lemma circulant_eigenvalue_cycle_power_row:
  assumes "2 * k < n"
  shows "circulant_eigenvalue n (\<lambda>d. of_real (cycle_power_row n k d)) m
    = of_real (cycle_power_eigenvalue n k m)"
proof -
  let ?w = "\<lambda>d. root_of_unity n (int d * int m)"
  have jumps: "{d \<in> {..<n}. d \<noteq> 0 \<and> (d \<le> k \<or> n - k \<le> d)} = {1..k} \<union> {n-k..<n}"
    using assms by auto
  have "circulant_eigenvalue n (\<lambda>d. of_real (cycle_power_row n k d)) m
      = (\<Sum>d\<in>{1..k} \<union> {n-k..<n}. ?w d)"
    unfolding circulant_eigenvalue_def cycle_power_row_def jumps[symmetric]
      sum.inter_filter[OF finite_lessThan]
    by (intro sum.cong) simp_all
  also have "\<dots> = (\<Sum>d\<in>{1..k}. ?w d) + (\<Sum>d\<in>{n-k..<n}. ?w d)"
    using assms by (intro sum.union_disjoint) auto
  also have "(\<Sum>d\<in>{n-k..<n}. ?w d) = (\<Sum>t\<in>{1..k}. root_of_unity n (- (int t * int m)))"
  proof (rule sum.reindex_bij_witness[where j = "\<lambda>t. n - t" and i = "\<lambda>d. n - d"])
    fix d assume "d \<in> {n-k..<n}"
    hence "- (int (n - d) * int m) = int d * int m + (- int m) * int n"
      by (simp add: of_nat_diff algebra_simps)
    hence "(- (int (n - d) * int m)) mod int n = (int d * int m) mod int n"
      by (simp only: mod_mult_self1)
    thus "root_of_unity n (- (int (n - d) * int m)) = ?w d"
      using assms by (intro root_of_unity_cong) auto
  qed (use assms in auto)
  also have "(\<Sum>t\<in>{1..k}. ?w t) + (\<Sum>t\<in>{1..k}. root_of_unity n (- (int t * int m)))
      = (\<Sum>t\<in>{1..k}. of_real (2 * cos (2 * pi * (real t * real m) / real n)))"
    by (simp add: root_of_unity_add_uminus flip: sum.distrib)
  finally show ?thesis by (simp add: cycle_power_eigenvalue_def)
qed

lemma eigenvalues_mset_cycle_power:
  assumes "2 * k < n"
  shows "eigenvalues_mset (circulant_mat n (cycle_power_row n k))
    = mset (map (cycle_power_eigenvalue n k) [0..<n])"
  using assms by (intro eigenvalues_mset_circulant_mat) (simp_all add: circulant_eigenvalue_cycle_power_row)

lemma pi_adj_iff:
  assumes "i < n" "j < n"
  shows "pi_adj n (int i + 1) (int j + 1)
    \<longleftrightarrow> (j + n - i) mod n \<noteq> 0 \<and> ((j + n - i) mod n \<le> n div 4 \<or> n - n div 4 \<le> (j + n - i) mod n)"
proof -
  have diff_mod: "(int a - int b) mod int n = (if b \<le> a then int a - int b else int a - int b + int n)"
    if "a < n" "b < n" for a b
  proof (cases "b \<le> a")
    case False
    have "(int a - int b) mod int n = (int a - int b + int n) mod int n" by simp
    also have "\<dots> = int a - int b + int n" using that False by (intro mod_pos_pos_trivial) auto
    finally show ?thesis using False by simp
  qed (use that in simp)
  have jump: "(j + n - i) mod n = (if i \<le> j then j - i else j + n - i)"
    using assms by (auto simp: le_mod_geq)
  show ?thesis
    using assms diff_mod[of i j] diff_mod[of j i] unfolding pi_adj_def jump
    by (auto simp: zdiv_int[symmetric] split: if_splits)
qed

————————

## Aim of the exercise:
Show every line of the data in which the word "assms" appears.

## Answer to this problem:
    using assms by auto
    using assms by (intro sum.union_disjoint) auto
      using assms by (intro root_of_unity_cong) auto
  qed (use assms in auto)
  using assms by (intro eigenvalues_mset_circulant_mat) (simp_all add: circulant_eigenvalue_cycle_power_row)
    using assms by (auto simp: le_mod_geq)
    using assms diff_mod[of i j] diff_mod[of j i] unfolding pi_adj_def jump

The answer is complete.